→ **Information provided**:

(* Let $\mathscr{C}$ be a graph class containing all trees. Then for every real $\alpha\ge1$, no algorithm is a $0$-uniform $\alpha$-approximation for Minimum Dominating Set on $\mathscr{C}$; that is, there is no map $\mathsf{A}$ assigning to each $G\in\mathscr{C}$ a dominating set $\mathsf{A}(G)$ with $|\mathsf{A}(G)|\le\alpha\,\mathrm{MDS}(G)$ such that $|\mathsf{A}(G)\cap S|\le\alpha\,\mathrm{MDS}(G,S)$ for all $G\in\mathscr{C}$ and $S\subseteq V(G)$.
   Context: $\mathrm{MDS}(G,S)$ is the minimum size of a set $X\subseteq V(G)$ such that every vertex of $S$ is in $X$ or adjacent to a vertex of $X$; $\mathrm{MDS}(G)=\mathrm{MDS}(G,V(G))$. *)

theory Defs
  imports Complex_Main
begin

type_synonym 'a graph = "'a set \<times> ('a \<Rightarrow> 'a \<Rightarrow> bool)"

definition verts :: "'a graph \<Rightarrow> 'a set" where "verts G = fst G"
definition adj :: "'a graph \<Rightarrow> 'a \<Rightarrow> 'a \<Rightarrow> bool" where "adj G = snd G"

definition is_graph :: "'a graph \<Rightarrow> bool" where
  "is_graph G \<longleftrightarrow> finite (verts G)
     \<and> (\<forall>u v. adj G u v \<longrightarrow> u \<in> verts G \<and> v \<in> verts G)
     \<and> (\<forall>u v. adj G u v \<longrightarrow> adj G v u)
     \<and> (\<forall>v. \<not> adj G v v)"

definition connected_graph :: "'a graph \<Rightarrow> bool" where
  "connected_graph G \<longleftrightarrow> verts G \<noteq> {}
     \<and> (\<forall>u\<in>verts G. \<forall>v\<in>verts G. (adj G)\<^sup>*\<^sup>* u v)"

definition is_cycle :: "'a graph \<Rightarrow> 'a list \<Rightarrow> bool" where
  "is_cycle G cs \<longleftrightarrow> length cs \<ge> 3 \<and> distinct cs \<and> set cs \<subseteq> verts G
     \<and> (\<forall>i. Suc i < length cs \<longrightarrow> adj G (cs ! i) (cs ! Suc i))
     \<and> adj G (last cs) (hd cs)"

definition acyclic_graph :: "'a graph \<Rightarrow> bool" where
  "acyclic_graph G \<longleftrightarrow> \<not> (\<exists>cs. is_cycle G cs)"

definition is_tree :: "'a graph \<Rightarrow> bool" where
  "is_tree G \<longleftrightarrow> is_graph G \<and> connected_graph G \<and> acyclic_graph G"

definition dominates :: "'a graph \<Rightarrow> 'a set \<Rightarrow> 'a set \<Rightarrow> bool" where
  "dominates G X S \<longleftrightarrow> (\<forall>v\<in>S. v \<in> X \<or> (\<exists>x\<in>X. adj G v x))"

definition MDS :: "'a graph \<Rightarrow> 'a set \<Rightarrow> nat" where
  "MDS G S = Min {card X | X. X \<subseteq> verts G \<and> dominates G X S}"

end

theory Submission
  imports Defs
begin

text \<open>Take the complete \<open>n\<close>-ary tree of depth two with \<open>n > \<alpha>\<close>. Every vertex dominates its
closed neighbourhood, so a \<open>0\<close>-uniform \<open>\<alpha>\<close>-approximation contains at most \<open>\<alpha>\<close> vertices of
any neighbourhood. A child \<open>i\<close> of the root missing from the solution would force all \<open>n\<close>
leaves below \<open>i\<close> into it; hence all \<open>n\<close> children of the root lie in the solution, too many
for the neighbourhood of the root.\<close>

lemma MDS_le_card:
  assumes "finite (verts G)" "X \<subseteq> verts G" "dominates G X S"
  shows "MDS G S \<le> card X"
proof -
  have "{card X | X. X \<subseteq> verts G \<and> dominates G X S} \<subseteq> card ` Pow (verts G)" by auto
  then have "finite {card X | X. X \<subseteq> verts G \<and> dominates G X S}"
    using assms(1) finite_subset by blast
  then show ?thesis unfolding MDS_def using assms by (auto intro!: Min_le)
qed

lemma MDS_le_1_if_dominated_by_vertex:
  assumes "finite (verts G)" "v \<in> verts G" "\<forall>u\<in>S. u = v \<or> adj G u v"
  shows "MDS G S \<le> 1"
  using MDS_le_card[of G "{v}" S] assms by (auto simp: dominates_def)

text \<open>The global bound \<open>card X \<le> \<alpha> * MDS G (verts G)\<close> is left out: the argument only uses
the bounds on subsets \<open>S\<close>.\<close>

definition uniform_mds_approx :: "real \<Rightarrow> 'a graph \<Rightarrow> 'a set \<Rightarrow> bool" where
  "uniform_mds_approx \<alpha> G X \<longleftrightarrow> X \<subseteq> verts G \<and> dominates G X (verts G)
     \<and> (\<forall>S. S \<subseteq> verts G \<longrightarrow> real (card (X \<inter> S)) \<le> \<alpha> * real (MDS G S))"

lemma uniform_mds_approx_neighbourhood_bound:
  assumes "uniform_mds_approx \<alpha> G X" "is_graph G" "0 \<le> \<alpha>"
    and "v \<in> verts G" "\<forall>u\<in>S. u = v \<or> adj G u v"
  shows "real (card (X \<inter> S)) \<le> \<alpha>"
proof -
  have S: "S \<subseteq> verts G" using assms(2,4,5) by (auto simp: is_graph_def)
  have "MDS G S \<le> 1"
    using assms(2,4,5) by (intro MDS_le_1_if_dominated_by_vertex) (auto simp: is_graph_def)
  then have "\<alpha> * real (MDS G S) \<le> \<alpha>"
    using \<open>0 \<le> \<alpha>\<close> mult_left_mono[of "real (MDS G S)" 1 \<alpha>] by simp
  moreover have "real (card (X \<inter> S)) \<le> \<alpha> * real (MDS G S)"
    using S assms(1) by (simp add: uniform_mds_approx_def)
  ultimately show ?thesis by linarith
qed

text \<open>If the centre is missing, its pendant neighbours must all dominate themselves.\<close>

lemma uniform_mds_approx_contains_centre:
  assumes X: "uniform_mds_approx \<alpha> G X" and G: "is_graph G" and \<alpha>: "0 \<le> \<alpha>"
    and v: "v \<in> verts G" and L: "L \<subseteq> verts G" "\<forall>x\<in>L. \<forall>u. adj G x u \<longleftrightarrow> u = v"
    and many: "\<alpha> < real (card L)"
  shows "v \<in> X"
proof (rule ccontr)
  assume "v \<notin> X"
  have "L \<subseteq> X"
  proof
    fix x assume "x \<in> L"
    with X L(1) have "x \<in> X \<or> (\<exists>y\<in>X. adj G x y)"
      unfolding uniform_mds_approx_def dominates_def by blast
    with \<open>x \<in> L\<close> L(2) \<open>v \<notin> X\<close> show "x \<in> X" by metis
  qed
  then have "X \<inter> L = L" by blast
  moreover have "real (card (X \<inter> L)) \<le> \<alpha>"
    using L(2) by (intro uniform_mds_approx_neighbourhood_bound[OF X G \<alpha> v]) blast
  ultimately show False using many by simp
qed

lemma is_cycle_adj_succ:
  assumes "is_cycle G cs" "k < length cs"
  shows "adj G (cs ! k) (cs ! (Suc k mod length cs))"
proof (cases "Suc k < length cs")
  case True
  then show ?thesis using assms(1) by (simp add: is_cycle_def)
next
  case False
  then have "length cs = Suc k" "cs \<noteq> []" using assms(2) by auto
  moreover have "adj G (last cs) (hd cs)" using assms(1) by (simp add: is_cycle_def)
  ultimately show ?thesis by (simp add: last_conv_nth hd_conv_nth)
qed

lemma is_cycle_two_neighbours:
  assumes "is_cycle G cs" "x \<in> set cs"
  obtains y z where "y \<in> set cs" "z \<in> set cs" "y \<noteq> z" "y \<noteq> x" "z \<noteq> x"
    "adj G y x" "adj G x z"
proof -
  define l where "l = length cs"
  have l: "l \<ge> 3" and dist: "distinct cs" using assms(1) by (auto simp: is_cycle_def l_def)
  obtain k where k: "k < l" "cs ! k = x" using assms(2) by (auto simp: in_set_conv_nth l_def)
  define j where "j = (if k = 0 then l - 1 else k - 1)"
  have j: "j < l" "Suc j mod l = k" using k l by (auto simp: j_def)
  have "Suc k mod l < l" using l by simp
  moreover have "j \<noteq> Suc k mod l" "j \<noteq> k" "Suc k mod l \<noteq> k"
    using k l by (auto simp: j_def mod_Suc)
  ultimately show ?thesis
    using that[of "cs ! j" "cs ! (Suc k mod l)"] is_cycle_adj_succ[OF assms(1), of j]
      is_cycle_adj_succ[OF assms(1), of k] j k dist
    by (auto simp: l_def nth_eq_iff_index_eq)
qed

definition parent_graph :: "nat \<Rightarrow> (nat \<Rightarrow> nat) \<Rightarrow> nat graph" where
  "parent_graph N p = ({..<N}, \<lambda>u v. u < N \<and> v < N \<and> ((0 < u \<and> p u = v) \<or> (0 < v \<and> p v = u)))"

lemma verts_parent_graph [simp]: "verts (parent_graph N p) = {..<N}"
  by (simp add: parent_graph_def verts_def)

lemma adj_parent_graph:
  "adj (parent_graph N p) u v \<longleftrightarrow> u < N \<and> v < N \<and> ((0 < u \<and> p u = v) \<or> (0 < v \<and> p v = u))"
  by (simp add: parent_graph_def adj_def)

locale parent_pointers =
  fixes N :: nat and p :: "nat \<Rightarrow> nat"
  assumes root: "0 < N" and parent_less: "\<And>x. 0 < x \<Longrightarrow> x < N \<Longrightarrow> p x < x"
begin

abbreviation "T \<equiv> parent_graph N p"

lemma is_graph: "is_graph T"
proof -
  have "\<not> adj T v v" for v using parent_less[of v] by (auto simp: adj_parent_graph)
  then show ?thesis by (auto simp: is_graph_def adj_parent_graph)
qed

lemma reaches_root: "x < N \<Longrightarrow> (adj T)\<^sup>*\<^sup>* x 0"
proof (induction x rule: less_induct)
  case (less x)
  show ?case
  proof (cases "x = 0")
    case False
    then have "p x < x" using parent_less less.prems by simp
    then have "adj T x (p x)" using False less.prems by (simp add: adj_parent_graph)
    moreover have "(adj T)\<^sup>*\<^sup>* (p x) 0" using less \<open>p x < x\<close> by simp
    ultimately show ?thesis by (rule converse_rtranclp_into_rtranclp)
  qed simp
qed

lemma connected: "connected_graph T"
proof -
  have "symp (adj T)" by (auto simp: symp_def adj_parent_graph)
  then have "(adj T)\<^sup>*\<^sup>* 0 y" if "y < N" for y
    using reaches_root[OF that] by (blast dest: sympD[OF symp_rtranclp])
  with reaches_root root show ?thesis
    by (auto simp: connected_graph_def intro: rtranclp_trans)
qed

lemma smaller_neighbour_is_parent: "adj T x y \<Longrightarrow> y < x \<Longrightarrow> y = p x"
  using parent_less[of y] by (auto simp: adj_parent_graph)

text \<open>On a cycle, the largest vertex has two distinct smaller neighbours, but only one parent.\<close>

lemma acyclic: "acyclic_graph T"
proof -
  have False if cycle: "is_cycle T cs" for cs
  proof -
    define x where "x = Max (set cs)"
    have "set cs \<noteq> {}" using cycle by (auto simp: is_cycle_def)
    then have "x \<in> set cs" and max: "\<And>y. y \<in> set cs \<Longrightarrow> y \<le> x" by (simp_all add: x_def)
    obtain y z where yz: "y \<in> set cs" "z \<in> set cs" "y \<noteq> z" "y \<noteq> x" "z \<noteq> x"
      and "adj T y x" "adj T x z"
      using cycle \<open>x \<in> set cs\<close> by (rule is_cycle_two_neighbours)
    then have "adj T x y" by (auto simp: adj_parent_graph)
    moreover have "y < x" "z < x" using yz max by (simp_all add: order_less_le)
    ultimately have "y = p x" "z = p x"
      using \<open>adj T x z\<close> smaller_neighbour_is_parent by blast+
    with \<open>y \<noteq> z\<close> show False by simp
  qed
  then show ?thesis by (auto simp: acyclic_graph_def)
qed

lemma is_tree: "is_tree T"
  using is_graph connected acyclic by (simp add: is_tree_def)

end

text \<open>Breadth-first numbering: the children of \<open>x\<close> are \<open>n * x + 1, \<dots>, n * x + n\<close>.\<close>

definition nary_tree_depth2 :: "nat \<Rightarrow> nat graph" where
  "nary_tree_depth2 n = parent_graph (n * n + n + 1) (\<lambda>x. (x - 1) div n)"

lemma parent_pointers_nary_tree_depth2: "0 < n \<Longrightarrow> parent_pointers (n * n + n + 1) (\<lambda>x. (x - 1) div n)"
  by unfold_locales (auto intro: le_less_trans[OF div_le_dividend])

lemma is_tree_nary_tree_depth2: "0 < n \<Longrightarrow> is_tree (nary_tree_depth2 n)"
  unfolding nary_tree_depth2_def
  by (rule parent_pointers.is_tree[OF parent_pointers_nary_tree_depth2])

lemma adj_nary_tree_depth2_root: "i \<in> {1..n} \<Longrightarrow> adj (nary_tree_depth2 n) i 0"
  by (auto simp: nary_tree_depth2_def adj_parent_graph)

lemma nary_tree_depth2_leaf_range:
  fixes n i x :: nat
  assumes "i \<in> {1..n}" "x \<in> {n * i + 1..n * i + n}"
  shows "n < x" "x < n * n + n + 1"
proof -
  have "n \<le> n * i" "n * i \<le> n * n" using assms(1) by simp_all
  moreover have "n * i + 1 \<le> x" "x \<le> n * i + n" using assms(2) by simp_all
  ultimately show "n < x" "x < n * n + n + 1" by linarith+
qed

lemma adj_nary_tree_depth2_leaf:
  assumes "i \<in> {1..n}" "x \<in> {n * i + 1..n * i + n}"
  shows "adj (nary_tree_depth2 n) x u \<longleftrightarrow> u = i"
proof -
  note range = nary_tree_depth2_leaf_range[OF assms]
  have "(x - 1) div n = i"
    using assms by (auto intro!: div_nat_eqI simp: algebra_simps)
  moreover have "\<not> (0 < u \<and> (u - 1) div n = x \<and> u < n * n + n + 1)" for u
  proof
    assume u: "0 < u \<and> (u - 1) div n = x \<and> u < n * n + n + 1"
    then have "n * x \<le> u - 1" by (metis div_times_less_eq_dividend mult.commute)
    moreover have "n * (n + 1) \<le> n * x" using range(1) by (intro mult_le_mono2) simp
    ultimately show False using u by (simp add: algebra_simps, arith)
  qed
  moreover have "i < n * n + n + 1" using assms by auto
  ultimately show ?thesis using assms range by (auto simp: nary_tree_depth2_def adj_parent_graph)
qed

theorem no_uniform_mds_approx_nary_tree_depth2:
  assumes \<alpha>: "0 \<le> \<alpha>" and n: "\<alpha> < real n"
  shows "\<not> uniform_mds_approx \<alpha> (nary_tree_depth2 n) X"
proof
  assume X: "uniform_mds_approx \<alpha> (nary_tree_depth2 n) X"
  have "0 < n" using \<alpha> n by linarith
  then have G: "is_graph (nary_tree_depth2 n)" using is_tree_nary_tree_depth2 by (simp add: is_tree_def)
  have verts: "verts (nary_tree_depth2 n) = {..<n * n + n + 1}" by (simp add: nary_tree_depth2_def)
  have children: "{1..n} \<subseteq> X"
  proof
    fix i assume i: "i \<in> {1..n}"
    let ?L = "{n * i + 1..n * i + n}"
    have "i \<in> verts (nary_tree_depth2 n)" using i by (auto simp: verts)
    moreover have "?L \<subseteq> verts (nary_tree_depth2 n)"
      using nary_tree_depth2_leaf_range[OF i] by (auto simp: verts)
    moreover have "\<forall>x\<in>?L. \<forall>u. adj (nary_tree_depth2 n) x u \<longleftrightarrow> u = i"
      using adj_nary_tree_depth2_leaf[OF i] by blast
    moreover have "\<alpha> < real (card ?L)" using n by simp
    ultimately show "i \<in> X" by (rule uniform_mds_approx_contains_centre[OF X G \<alpha>])
  qed
  have "0 \<in> verts (nary_tree_depth2 n)" by (simp add: verts)
  moreover have "\<forall>u\<in>{1..n}. u = 0 \<or> adj (nary_tree_depth2 n) u 0" using adj_nary_tree_depth2_root by blast
  ultimately have "real (card (X \<inter> {1..n})) \<le> \<alpha>"
    by (rule uniform_mds_approx_neighbourhood_bound[OF X G \<alpha>])
  moreover have "X \<inter> {1..n} = {1..n}" using children by blast
  ultimately show False using n by simp
qed

theorem mainTheorem14:
  fixes C :: "nat graph set" and \<alpha> :: real
  assumes "\<forall>G\<in>C. is_graph G"
    and "\<forall>T. is_tree T \<longrightarrow> T \<in> C"
    and "\<alpha> \<ge> 1"
  shows "\<not> (\<exists>A :: nat graph \<Rightarrow> nat set. \<forall>G\<in>C.
            A G \<subseteq> verts G \<and> dominates G (A G) (verts G)
          \<and> real (card (A G)) \<le> \<alpha> * real (MDS G (verts G))
          \<and> (\<forall>S. S \<subseteq> verts G \<longrightarrow> real (card (A G \<inter> S)) \<le> \<alpha> * real (MDS G S)))"
proof -
  define n where "n = nat \<lceil>\<alpha>\<rceil> + 1"
  have "is_tree (nary_tree_depth2 n)" by (rule is_tree_nary_tree_depth2) (simp add: n_def)
  with assms(2) have "nary_tree_depth2 n \<in> C" by blast
  moreover have "\<alpha> < real n" unfolding n_def by linarith
  then have "\<not> uniform_mds_approx \<alpha> (nary_tree_depth2 n) X" for X
    using no_uniform_mds_approx_nary_tree_depth2 assms(3) by simp
  ultimately show ?thesis
    unfolding uniform_mds_approx_def by (auto intro!: bexI[where x = "nary_tree_depth2 n"])
qed

end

→ **Work to be completed**: Note how many lines in the material hold the word "define", and give that number by itself.

→ **Response for this exercise**: 4